Neurofeedback for Anxiety: How Brain Training Quiets an Overactive Nervous System

Dr. Daniel Schilling

Dr. Daniel Schilling, DC, Master QNRT Practitioner

Founder & Lead Clinician

Anxiety is exhausting! Not just emotionally, but neurologically. If you've tried therapy, medication, or every breathing technique on the internet and still feel like your brain won't turn off, there's a reason. The tools you've used are working at the wrong level. They're managing the experience of anxiety without ever touching the brainwave patterns that are generating it.

Neurofeedback for anxiety works differently. It goes directly to the source, the dysregulated electrical activity in your brain, and trains it to shift. Not through willpower, not through chemistry, but through direct neurological feedback that your brain learns from in real time.
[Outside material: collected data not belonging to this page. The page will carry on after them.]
(* Let $\Gamma\le\mathrm{Iso}(\mathbb{R}^{r,s})$ be a subgroup whose centralizer in $\mathrm{Iso}(\mathbb{R}^{r,s})$ has an open orbit in $\mathbb{R}^{r,s}$, let $U_0=U_\Gamma\cap U_\Gamma^\perp$, $k=\dim U_0$, $n=r+s$, and fix a Witt basis with respect to $U_0$. Then for every $\gamma=(I+A,v)\in\Gamma$ the matrix of $A$ in this basis has the block form $$A=\begin{pmatrix}0&-B^\top\tilde I&C\\0&0&B\\0&0&0\end{pmatrix}$$ with $B\in\mathbb{R}^{(n-2k)\times k}$ and $C\in\mathbb{R}^{k\times k}$ skew-symmetric. Moreover $B^\top\tilde I B=0$, i.e. the columns of $B$ are isotropic and mutually orthogonal with respect to $\tilde I$.
   Context: $\mathbb{R}^{r,s}$ denotes $\mathbb{R}^{n}$, $n=r+s$, with a nondegenerate symmetric bilinear form $\langle\cdot,\cdot\rangle$ of signature $(r,s)$; $\mathrm{Iso}(\mathbb{R}^{r,s})$ is its group of affine isometries, whose elements are written $\gamma=(I+A,v)\colon x\mapsto(I+A)x+v$. $U_\Gamma=\sum_{(I+A,v)\in\Gamma}\operatorname{im}A$, and $U_0=U_\Gamma\cap U_\Gamma^\perp$ is totally isotropic. A Witt basis with respect to $U_0$ ($k=\dim U_0$) is a basis $u_1,\dots,u_k,w_1,\dots,w_{n-2k},u_1^*,\dots,u_k^*$ of $\mathbb{R}^{r,s}$ such that $u_1,\dots,u_k$ is a basis of $U_0$, $w_1,\dots,w_{n-2k}$ is a basis of a nondegenerate subspace $W$ with $U_0^\perp=U_0\oplus W$, and $u_1^*,\dots,u_k^*$ span a totally isotropic subspace $U_0^*$ orthogonal to $W$ with $\langle u_i,u_j^*\rangle=\delta_{ij}$. $\tilde I$ is the (diagonal signature) matrix of the restriction of $\langle\cdot,\cdot\rangle$ to $W$ in the basis $w_1,\dots,w_{n-2k}$. Known facts (Wolf) for such $\Gamma$: every $(I+A,v)\in\Gamma$ satisfies $A^2=0$, $Av=0$, $\langle Ax,y\rangle=-\langle x,Ay\rangle$, $\ker A=(\operatorname{im}A)^\perp$; for $\gamma_i=(I+A_i,v_i)\in\Gamma$ one has $A_1A_2A_3=0$ and $[\gamma_1,\gamma_2]=(I+2A_1A_2,2A_1v_2)$. *)

theory Defs
  imports "HOL-Analysis.Analysis"
begin

text \<open>R^{r,s}: the space real^'n with the diagonal form of signature given by
  eps (eps i \<in> {1,-1}; r = number of +1's, s = number of -1's).\<close>

definition sig :: "('n::finite \<Rightarrow> real) \<Rightarrow> bool" where
  "sig eps \<longleftrightarrow> (\<forall>i. eps i = 1 \<or> eps i = -1)"

definition bf :: "('n::finite \<Rightarrow> real) \<Rightarrow> real^'n \<Rightarrow> real^'n \<Rightarrow> real" where
  "bf eps x y = (\<Sum>i\<in>UNIV. eps i * (x$i) * (y$i))"

definition Iso :: "('n::finite \<Rightarrow> real) \<Rightarrow> (real^'n \<Rightarrow> real^'n) set" where
  "Iso eps = {f. \<exists>L v. linear L \<and> (\<forall>x y. bf eps (L x) (L y) = bf eps x y)
                    \<and> f = (\<lambda>x. L x + v)}"

definition is_subgroup :: "('n::finite \<Rightarrow> real) \<Rightarrow> (real^'n \<Rightarrow> real^'n) set \<Rightarrow> bool" where
  "is_subgroup eps G \<longleftrightarrow> G \<subseteq> Iso eps \<and> id \<in> G \<and> (\<forall>f\<in>G. \<forall>g\<in>G. f \<circ> g \<in> G)
      \<and> (\<forall>f\<in>G. inv f \<in> G)"

definition centralizer :: "('n::finite \<Rightarrow> real) \<Rightarrow> (real^'n \<Rightarrow> real^'n) set \<Rightarrow> (real^'n \<Rightarrow> real^'n) set" where
  "centralizer eps G = {g\<in>Iso eps. \<forall>f\<in>G. g \<circ> f = f \<circ> g}"

definition has_open_orbit :: "(real^'n::finite \<Rightarrow> real^'n) set \<Rightarrow> bool" where
  "has_open_orbit H \<longleftrightarrow> (\<exists>x. open ((\<lambda>g. g x) ` H))"

text \<open>For \<gamma> = (I+A, v): A x = \<gamma> x - \<gamma> 0 - x.\<close>
definition Apart :: "(real^'n::finite \<Rightarrow> real^'n) \<Rightarrow> real^'n \<Rightarrow> real^'n" where
  "Apart f x = f x - f 0 - x"

definition U_Gamma :: "(real^'n::finite \<Rightarrow> real^'n) set \<Rightarrow> (real^'n) set" where
  "U_Gamma G = span (\<Union>f\<in>G. range (Apart f))"

definition orth :: "('n::finite \<Rightarrow> real) \<Rightarrow> (real^'n) set \<Rightarrow> (real^'n) set" where
  "orth eps S = {x. \<forall>y\<in>S. bf eps x y = 0}"

definition U0 :: "('n::finite \<Rightarrow> real) \<Rightarrow> (real^'n \<Rightarrow> real^'n) set \<Rightarrow> (real^'n) set" where
  "U0 eps G = U_Gamma G \<inter> orth eps (U_Gamma G)"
This post breaks down exactly how that works, why it matters, and why a QEEG-guided approach at Secoya Health in Woodbury, MN is unlike anything most people struggling with anxiety have ever tried.


Why Anxiety Lives in Your Brain, Not Just Your Mind

Most of us have been taught to think of anxiety as a thought problem, something that starts with a worry, a trigger, or a stressful situation. And while those things are real, they're downstream of something more fundamental: a nervous system stuck in a state of hyperactivation.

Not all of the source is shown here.